Il 25 aprile 1996 il Centro per la Cultura dell’Arcidiocesi di Catanzaro-Squillace promosse il convegno “Santità e Cultura. Concetta Lombardo”. A luglio del 1996, poi, Vincenzo Ursini Editore diede alle stampe il volume di Salvatore Guerrieri: “Concetta Lombardo: una santità mediterranea”.
Il 25 ottobre 2000 le spoglie mortali di Concetta Lombardo dal cimitero furono traslate nella Chiesa Matrice di Stalettì e collocate proprio di fronte il tabernacolo.

Immagine della martire nella cattedrale di Catanzaro
La data importante è quella del 6 giugno 2002. In questa giornata l’arcivescovo Cantisani chiuse il Processo diocesano di Canonizzazione della Serva di Dio Concetta Lombardo. Era  la prima volta - nella nove volte centenaria Chiesa di Catanzaro-Squillace - che veniva chiuso un processo canonico sulle virtù di un Servo di Dio. Gli “Atti” delle 32 sedute del Tribunale ecclesiastico diocesano furuno quindi mandati a Roma in attesa della parola definitiva della Congregazione per la cause dei Santi. 
 Nel 2006 Concetta Lombardo rappresentò la Calabria tra i 16 testimoni scelti per il quarto convegno Ecclesiale Nazionale di Verona (16 – 20 ottobre). 
La nuova tomba nella chiesa matrice
L’arcivescovo metropolita Vincenzo Bertolone il 22 giugno 2012 iniziò una Inchiesta suppletiva, nominando Padre Pasquale Pitari come suo “Delegato a fare un esame della Causa, studiando la Copia Pubblica e tutto ciò che è collegato ad essa, al fine di colmare le carenze e potere dare una esauriente risposta al Dicastero”, che “nei Congressi ordinari del 24 ottobre 2003 e del 3 dicembre 2004 disponeva che, prima di procedere alla pubblicazione del decreto di validità giuridica della Inchiesta Diocesana sul presunto martirio della Serva di Dio, occorreva chiedere una Studio approfondito della Causa e del fondamento teologico del martirio”. Lo studio è stato consegnato alla Congregazione.

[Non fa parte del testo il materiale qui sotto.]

text \<open>Comparison principle for cooperative systems: at the first time some member of
  the family touches \<open>w\<close>, all members are still \<open>\<ge> w\<close>, which is exactly what the
  subsolution hypothesis needs.\<close>
lemma strict_subsolution_stays_below:
  fixes F :: "(real \<Rightarrow> real) set" and w w' :: "real \<Rightarrow> real"
  assumes "finite F"
    and cont: "\<And>f. f \<in> F \<Longrightarrow> continuous_on {0..b} f"
    and init: "\<And>f. f \<in> F \<Longrightarrow> w 0 < f 0"
    and dw: "\<And>s. s \<in> {0..b} \<Longrightarrow> (w has_real_derivative w' s) (at s within {0..b})"
    and sub: "\<And>f s. f \<in> F \<Longrightarrow> 0 < s \<Longrightarrow> s \<le> b \<Longrightarrow> (\<And>g. g \<in> F \<Longrightarrow> w s \<le> g s) \<Longrightarrow>
        f s = w s \<Longrightarrow> \<exists>f'. (f has_real_derivative f') (at s within {0..b}) \<and> w' s < f'"
    and "f \<in> F" "0 \<le> s" "s \<le> b"
  shows "w s < f s"
proof (rule ccontr)
  define S where "S = (\<Union>g\<in>F. {r \<in> {0..b}. g r \<le> w r})"
  assume "\<not> w s < f s"
  then have "f s \<le> w s" by simp
  then have "s \<in> S" unfolding S_def using \<open>f \<in> F\<close> \<open>0 \<le> s\<close> \<open>s \<le> b\<close> by auto
  have cw: "continuous_on {0..b} w"
    unfolding continuous_on_eq_continuous_within using dw by (blast intro: DERIV_continuous)
  have "closed S"
    unfolding S_def using \<open>finite F\<close> cont cw
    by (intro closed_UN ballI continuous_on_closed_Collect_le) auto
  moreover have "bdd_below S" unfolding S_def bdd_below_def by auto
  moreover have "S \<noteq> {}" using \<open>s \<in> S\<close> by blast
  ultimately have "Inf S \<in> S" by (intro closed_contains_Inf)
  define t where "t = Inf S"
  have "t \<in> S" using \<open>Inf S \<in> S\<close> by (simp add: t_def)
  then obtain u where u: "u \<in> F" "u t \<le> w t" and t: "0 \<le> t" "t \<le> b"
    unfolding S_def by auto
  have before: "w r < g r" if "g \<in> F" "0 \<le> r" "r < t" for g r
  proof -
    have "r \<notin> S"
      using cInf_lower[OF _ \<open>bdd_below S\<close>, of r] \<open>r < t\<close> unfolding t_def by linarith
    with that t show ?thesis unfolding S_def by force
  qed
  have "0 < t"
  proof (rule ccontr)
    assume "\<not> 0 < t"
    with t have "t = 0" by simp
    with u init show False by fastforce
  qed
  have all_ge: "w t \<le> g t" if "g \<in> F" for g
  proof (rule continuous_on_le_at_right_end[where a = 0 and b = t and f = g and g = w])
    show "continuous_on {0..t} g" "continuous_on {0..t} w"
      using t by (auto intro: continuous_on_subset[OF cont[OF that]] continuous_on_subset[OF cw])
  qed (use \<open>0 < t\<close> before[OF that] in \<open>auto intro: less_imp_le\<close>)
  with u have "u t = w t" by (simp add: order_antisym)
  have "\<exists>u'. (u has_real_derivative u') (at t within {0..b}) \<and> w' t < u'"
    by (rule sub[of u t]) (use u \<open>0 < t\<close> t(2) all_ge \<open>u t = w t\<close> in auto)
  then obtain u' where du: "(u has_real_derivative u') (at t within {0..b})" and "w' t < u'"
    by blast
  have "w t < u t"
  proof (rule DERIV_less_from_left[OF du dw \<open>w' t < u'\<close> \<open>0 < t\<close>])
    show "t \<in> {0..b}" "{0..<t} \<subseteq> {0..b}" using t by auto
    show "w r \<le> u r" if "0 \<le> r" "r < t" for r
      using before[OF u(1) that] by simp
  qed
  with \<open>u t = w t\<close> show False by simp
qed

lemma reciprocal_barrier_has_derivative:
  fixes a k s :: real
  assumes "k * s < a"
  shows "((\<lambda>r. 1 / (a - k * r)) has_real_derivative k * (1 / (a - k * s))\<^sup>2) (at s within S)"
  using assms
  by (auto intro!: derivative_eq_intros simp: power2_eq_square field_simps)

Intanto, ancora oggi, a più di sessant’anni dal martirio, il parroco di Stalettì don Roberto Corapi ogni 22 del mese organizza momenti di incontro e di riflessione sulla vita e le virtù di Concetta Lombardo. Ed in più: alcuni registri, collocati sotto la lapide di Concetta, testimoniano una forte devozione dei fedeli per questa Serva di Dio, martire per la purezza ed i valori della famiglia.